An SD card uses two main communication protocols, Serial Peripheral Interface (SPI) and Secure Digital Input Output (SDIO). SDIO was introduced in 2001 and is generally faster because it allows for a higher clock rate (50MHz for SDIO vs 40MHz for SPI) and has four data pins (DAT0-3) and allows for 4 bits to be transferred in comparison to SPI which only has MISO and MOSI and allows for 1 bit of transfer.
Despite SDIO being faster and having a higher bandwidth is not as well documented as SPI, is more complex to implement and is not universally supported. For these reasons I chose to use SPI.
I had two options either bit-bang or create a dedicated peripheral which deals with it in hardware. Lets analyse these two options
My hardware runs at 40MHz and to bit bang spi the general sequence would be:
; a0 = byte to transmit
; a0 = byte received
transfer_byte:
la t0, SPI_GPIO ; GPIO register
li t1, 7 ; bit index
li t4, 0 ; received byte
loop:
# Get transmit bit
srl t2, a0, t1
andi t2, t2, 1
# Set MOSI
lw t3, 0[t0]
li t5, MOSI_BIT
not t6, t5
and t3, t3, t6 ; clear MOSI
beqz t2, f1
or t3, t3, t5 ; set MOSI if bit=1
1:
sw t3, 0[t0]
# Clock high
ori t3, t3, SCK_BIT
sw t3, 0[t0]
# Sample MISO
lw t3, 0[t0]
andi t3, t3, MISO_BIT
beqz t3, 2f
li t5, 1
sll t5, t5, t1
or t4, t4, t5
2:
# Clock low
lw t3, 0[t0]
li t5, SCK_BIT
not t6, t5
and t3, t3, t6
sw t3, 0[t0]
addi t1, t1, -1
bgez t1, loop
mv a0, t4
ret
I know this code is not optimised but it serves as a demonstration of what a bit-banged SPI would look like and from my calculations the worst case scenario (where we send 0x0 and receive 0xF) would take 213 clock cycles for this function to complete.
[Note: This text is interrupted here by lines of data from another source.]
lemma nilpotent_similar_jordan:
  fixes M :: "complex mat"
  assumes M: "M \<in> carrier_mat n n" and nil: "nilpotent_mat M"
  obtains ms where "nilpotent_jordan ms" "sum_list ms = n" "similar_mat M (nil_jordan_mat ms)"
proof -
  obtain as where "char_poly M = (\<Prod>a\<leftarrow>as. [:- a, 1:])" using char_poly_factorized[OF M] by auto
  from jordan_nf_exists[OF M this] obtain bl where jnf: "jordan_nf M bl" by auto
  then have sizes: "0 \<notin> fst ` set bl" and sim: "similar_mat M (jordan_matrix bl)"
    unfolding jordan_nf_def by auto
  have eigenvalues: "a = 0" if "(m, a) \<in> set bl" for m a
  proof -
    have "m \<noteq> 0" using sizes that by force
    with that have "poly (char_poly M) a = 0"
      unfolding jordan_nf_char_poly[OF jnf] by (force simp: poly_prod_list prod_list_zero_iff)
    then show "a = 0" using eigenvalue_nilpotent[OF M nil] eigenvalue_root_char_poly[OF M] by blast
  qed
  define ms where "ms = map fst bl"
  have "map (\<lambda>m. (m, 0)) ms = bl"
    unfolding ms_def map_map by (rule map_idI) (use eigenvalues in fastforce)
  then have J: "nil_jordan_mat ms = jordan_matrix bl" unfolding nil_jordan_mat_def by simp
  have "nilpotent_jordan ms"
    by unfold_locales (use sizes in \<open>force simp: ms_def\<close>)
  moreover have "sum_list ms = n"
    using sim M unfolding similar_mat_def ms_def by (metis carrier_matD(1) jordan_matrix_dim(1) similar_mat_witD2(5))
  ultimately show ?thesis using sim unfolding J[symmetric] by (rule that)
qed

definition strictly_upper :: "'a :: zero mat \<Rightarrow> bool" where
  "strictly_upper A \<longleftrightarrow> (\<forall>i<dim_row A. \<forall>j<dim_col A. A $$ (i, j) \<noteq> 0 \<longrightarrow> i < j)"

lemma (in nilpotent_jordan) J_strictly_upper: "strictly_upper J"
  unfolding strictly_upper_def using J_index_succ by auto

lemma nilpotent_similar_strictly_upper:
  fixes M :: "complex mat"
  assumes M: "M \<in> carrier_mat m m" and nil: "nilpotent_mat M"
  shows "\<exists>P Q. P \<in> carrier_mat m m \<and> Q \<in> carrier_mat m m \<and> P * Q = 1\<^sub>m m \<and> Q * P = 1\<^sub>m m \<and>
    strictly_upper (Q * M * P)"
proof -
  obtain ms where jordan: "nilpotent_jordan ms" and m: "sum_list ms = m"
    and "similar_mat M (nil_jordan_mat ms)"
    by (rule nilpotent_similar_jordan[OF M nil])
  then obtain P Q where wit: "similar_mat_wit M (nil_jordan_mat ms) P Q" unfolding similar_mat_def by auto
  note w = similar_mat_witD2[OF M wit]
  have "Q * M * P = nil_jordan_mat ms"
    using similar_mat_witD2(3)[OF w(5) similar_mat_wit_sym[OF wit]] by simp
  then show ?thesis using nilpotent_jordan.J_strictly_upper[OF jordan] w by metis
qed

section \<open>Simultaneous triangularization within classes\<close>

lemma upt_split_at: "i < m \<Longrightarrow> [0..<m] = [0..<i] @ i # [Suc i..<m]"
  using upt_add_eq_append[of 0 i "m - i"] upt_conv_Cons[of i m] by simp

locale index_classes =
  fixes k :: nat and c :: "nat \<Rightarrow> nat"
begin

definition members :: "nat \<Rightarrow> nat list" where
  "members s = filter (\<lambda>i. c i = s) [0..<k]"

abbreviation "class_size s \<equiv> length (members s)"

definition class_pos :: "nat \<Rightarrow> nat" where
  "class_pos i = length (filter (\<lambda>j. c j = c i) [0..<i])"

lemma class_pos_bounds:
  assumes i: "i < k"
  shows "class_pos i < class_size (c i) \<and> members (c i) ! class_pos i = i"
proof -
  have "members (c i) = filter (\<lambda>j. c j = c i) [0..<i] @ i # filter (\<lambda>j. c j = c i) [Suc i..<k]"
    unfolding members_def using upt_split_at[OF i] by simp
  then show ?thesis unfolding class_pos_def by (simp add: nth_append)
qed

lemma distinct_members: "distinct (members s)"
  unfolding members_def by simp

lemma set_members: "set (members s) = {i \<in> {..<k}. c i = s}"
  unfolding members_def by auto

lemma nth_members:
  assumes t: "t < class_size s"
  shows "members s ! t < k \<and> c (members s ! t) = s \<and> class_pos (members s ! t) = t"
proof -
  have "members s ! t \<in> set (members s)" using t by simp
  then have lt: "members s ! t < k" and cs: "c (members s ! t) = s" unfolding set_members by auto
  from class_pos_bounds[OF lt] cs
  have "class_pos (members s ! t) < class_size s" "members s ! class_pos (members s ! t) = members s ! t" by auto
  with distinct_members[of s] t have "class_pos (members s ! t) = t" by (simp add: nth_eq_iff_index_eq)
  with lt cs show ?thesis by auto
qed

lemma class_pos_mono:
  assumes "i < j" "j < k" "c i = c j"
  shows "class_pos i < class_pos j"
proof -
  have "[0..<j] = [0..<i] @ i # [Suc i..<j]" using upt_split_at[of i j] assms by simp
  then show ?thesis unfolding class_pos_def using assms by simp
qed

lemma class_pos_inj:
  assumes i: "i < k" and j: "j < k" and "c i = c j" "class_pos i = class_pos j"
  shows "i = j"
  using class_pos_bounds[OF i] class_pos_bounds[OF j] assms by metis

lemma sum_class: "(\<Sum>l<k. if c l = s then f l else 0) = (\<Sum>t<class_size s. f (members s ! t))"
proof -
  have "(\<Sum>l<k. if c l = s then f l else 0) = (\<Sum>l\<in>{l \<in> {..<k}. c l = s}. f l)"
    by (rule sum.inter_filter[symmetric]) simp
  also have "\<dots> = sum_list (map f (members s))"
    unfolding set_members[symmetric] using distinct_members by (simp add: sum.distinct_set_conv_list)
  also have "\<dots> = (\<Sum>t<class_size s. f (members s ! t))"
    by (simp add: sum_list_sum_nth lessThan_atLeast0)
  finally show ?thesis .
qed

definition assemble :: "(nat \<Rightarrow> complex mat) \<Rightarrow> complex mat" where
  "assemble F = mat k k (\<lambda>(i, j). if c i = c j then F (c i) $$ (class_pos i, class_pos j) else 0)"

lemma assemble_carrier [simp]: "assemble F \<in> carrier_mat k k"
  and assemble_dims [simp]: "dim_row (assemble F) = k" "dim_col (assemble F) = k"
  unfolding assemble_def by auto

lemma assemble_index:
  "i < k \<Longrightarrow> j < k \<Longrightarrow>
     assemble F $$ (i, j) = (if c i = c j then F (c i) $$ (class_pos i, class_pos j) else 0)"
  unfolding assemble_def by auto

lemma assemble_index_members:
  "t < class_size s \<Longrightarrow> t' < class_size s \<Longrightarrow> assemble F $$ (members s ! t, members s ! t') = F s $$ (t, t')"
  using nth_members[of t s] nth_members[of t' s] assemble_index by auto

lemma assemble_mult:
  assumes F: "\<And>s. F s \<in> carrier_mat (class_size s) (class_size s)"
    and G: "\<And>s. G s \<in> carrier_mat (class_size s) (class_size s)"
  shows "assemble F * assemble G = assemble (\<lambda>s. F s * G s)"
proof (rule eq_matI)
  fix i j assume "i < dim_row (assemble (\<lambda>s. F s * G s))" "j < dim_col (assemble (\<lambda>s. F s * G s))"
  then have i: "i < k" and j: "j < k" by auto
  have "(assemble F * assemble G) $$ (i, j) = (\<Sum>l<k. assemble F $$ (i, l) * assemble G $$ (l, j))"
    using i j by (simp add: scalar_prod_def lessThan_atLeast0)
  also have "\<dots> = (\<Sum>l<k. if c l = c i then
      (if c i = c j then F (c i) $$ (class_pos i, class_pos l) * G (c i) $$ (class_pos l, class_pos j) else 0) else 0)"
    by (rule sum.cong) (auto simp: assemble_index i j)
  also have "\<dots> = (\<Sum>t<class_size (c i).
      if c i = c j then F (c i) $$ (class_pos i, t) * G (c i) $$ (t, class_pos j) else 0)"
    unfolding sum_class by (rule sum.cong) (auto simp: nth_members)
  also have "\<dots> = assemble (\<lambda>s. F s * G s) $$ (i, j)"
  proof (cases "c i = c j")
    case True
    have "class_pos i < class_size (c i)" "class_pos j < class_size (c i)"
      using class_pos_bounds[OF i] class_pos_bounds[OF j] True by auto
    then show ?thesis using True F[of "c i"] G[of "c i"] unfolding assemble_index[OF i j]
      by (simp add: scalar_prod_def lessThan_atLeast0)
  qed (simp add: assemble_index i j)
  finally show "(assemble F * assemble G) $$ (i, j) = assemble (\<lambda>s. F s * G s) $$ (i, j)" .
qed auto

lemma assemble_one: "assemble (\<lambda>s. 1\<^sub>m (class_size s)) = 1\<^sub>m k"
proof (rule eq_matI)
  fix i j assume "i < dim_row (1\<^sub>m k :: complex mat)" "j < dim_col (1\<^sub>m k :: complex mat)"
  then have i: "i < k" and j: "j < k" by auto
  show "assemble (\<lambda>s. 1\<^sub>m (class_size s)) $$ (i, j) = 1\<^sub>m k $$ (i, j)"
    unfolding assemble_index[OF i j] using class_pos_bounds[OF i] class_pos_bounds[OF j] class_pos_inj[OF i j] i j
    by auto
qed auto

lemma assemble_pow:
  assumes F: "\<And>s. F s \<in> carrier_mat (class_size s) (class_size s)"
  shows "assemble F ^\<^sub>m t = assemble (\<lambda>s. F s ^\<^sub>m t)"
proof (induction t)
  case 0
  have "dim_row (F s) = class_size s" for s using F[of s] by auto
  then show ?case using assemble_one by simp
next
  case (Suc t)
  have "assemble F ^\<^sub>m Suc t = assemble (\<lambda>s. F s ^\<^sub>m t) * assemble F" using Suc by simp
  also have "\<dots> = assemble (\<lambda>s. F s ^\<^sub>m t * F s)" by (rule assemble_mult) (use F in auto)
  finally show ?case by simp
qed

definition class_block :: "complex mat \<Rightarrow> nat \<Rightarrow> complex mat" where
  "class_block X s = mat (class_size s) (class_size s) (\<lambda>(t, t'). X $$ (members s ! t, members s ! t'))"

lemma class_block_carrier [simp]: "class_block X s \<in> carrier_mat (class_size s) (class_size s)"
  and class_block_dims [simp]: "dim_row (class_block X s) = class_size s" "dim_col (class_block X s) = class_size s"
  unfolding class_block_def by auto

lemma assemble_class_block:
  assumes X: "X \<in> carrier_mat k k"
    and classes: "\<And>i j. i < k \<Longrightarrow> j < k \<Longrightarrow> X $$ (i, j) \<noteq> 0 \<Longrightarrow> c i = c j"
  shows "assemble (class_block X) = X"
proof (rule eq_matI)
  fix i j assume "i < dim_row X" "j < dim_col X"
  then have i: "i < k" and j: "j < k" using X by auto
  show "assemble (class_block X) $$ (i, j) = X $$ (i, j)"
    unfolding assemble_index[OF i j] using class_pos_bounds[OF i] class_pos_bounds[OF j] classes[OF i j]
    by (auto simp: class_block_def)
qed (use X in auto)

lemma assemble_index_nonzero: "i < k \<Longrightarrow> j < k \<Longrightarrow> assemble F $$ (i, j) \<noteq> 0 \<Longrightarrow> c i = c j"
  by (simp add: assemble_index split: if_splits)

lemma nilpotent_class_block:
  assumes X: "X \<in> carrier_mat k k"
    and classes: "\<And>i j. i < k \<Longrightarrow> j < k \<Longrightarrow> X $$ (i, j) \<noteq> 0 \<Longrightarrow> c i = c j"
    and nil: "nilpotent_mat X"
  shows "nilpotent_mat (class_block X s)"
proof -
  obtain N where XN: "X ^\<^sub>m N = 0\<^sub>m k k" using nil X unfolding nilpotent_mat_def by auto
  have "assemble (\<lambda>s. class_block X s ^\<^sub>m N) = 0\<^sub>m k k"
    using assemble_pow[of "class_block X" N] assemble_class_block[OF X classes] XN by simp
  have "class_block X s ^\<^sub>m N = 0\<^sub>m (class_size s) (class_size s)"
  proof (rule eq_matI)
    fix t t' assume "t < dim_row (0\<^sub>m (class_size s) (class_size s) :: complex mat)"
      "t' < dim_col (0\<^sub>m (class_size s) (class_size s) :: complex mat)"
    then have t: "t < class_size s" "t' < class_size s" by auto
    have "assemble (\<lambda>s. class_block X s ^\<^sub>m N) $$ (members s ! t, members s ! t') = 0"
      using \<open>assemble (\<lambda>s. class_block X s ^\<^sub>m N) = 0\<^sub>m k k\<close> nth_members[OF t(1)] nth_members[OF t(2)] by simp
    then show "(class_block X s ^\<^sub>m N) $$ (t, t') = 0\<^sub>m (class_size s) (class_size s) $$ (t, t')"
      unfolding assemble_index_members[OF t] using t by simp
  qed auto
  then show ?thesis unfolding nilpotent_mat_def by auto
qed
So if we assume that we are reading a standard SD card block which is 512 bytes long it would take about 109,056 clock cycles which running at 40MHz, total time taken would be 2.5 ms which gives a rough slave clock speed of 1.5 MHz.
However using an external peripheral we are able to offload the communication to a hardware peripheral which can have a much higher clock rate using the master 40MHz and a clock divider reaching 20MHz which means that the same 512 byte sequence will take roughly 0.2 ms and will send an interrupt when the transfer is complete. This allows the CPU to do much more urgent tasks whilst the SPI happens in the background, which is of course assuming that we have DMA.
The SPI protocol
I have mentioned SPI many times in this post up to now. I think I should explain what it is. SPI stands for Serial Peripheral Interface and consists of four wires:
- MOSI (Master Out Slave In) This is the bit that we are sending to the slave
- MISO (Master In Slave Out) This is the bit that the slave sends to us
- SCLK (Slave Clock) This is a shared clock which is generated by the master
- CS (Chip Select) This is the line which tells slave we are talking or listening to it
SPI defines four operating modes, determined by two configuration bits: clock polarity (CPOL) and clock phase (CPHA). These control the idle state of the clock and the clock edge on which data is sampled.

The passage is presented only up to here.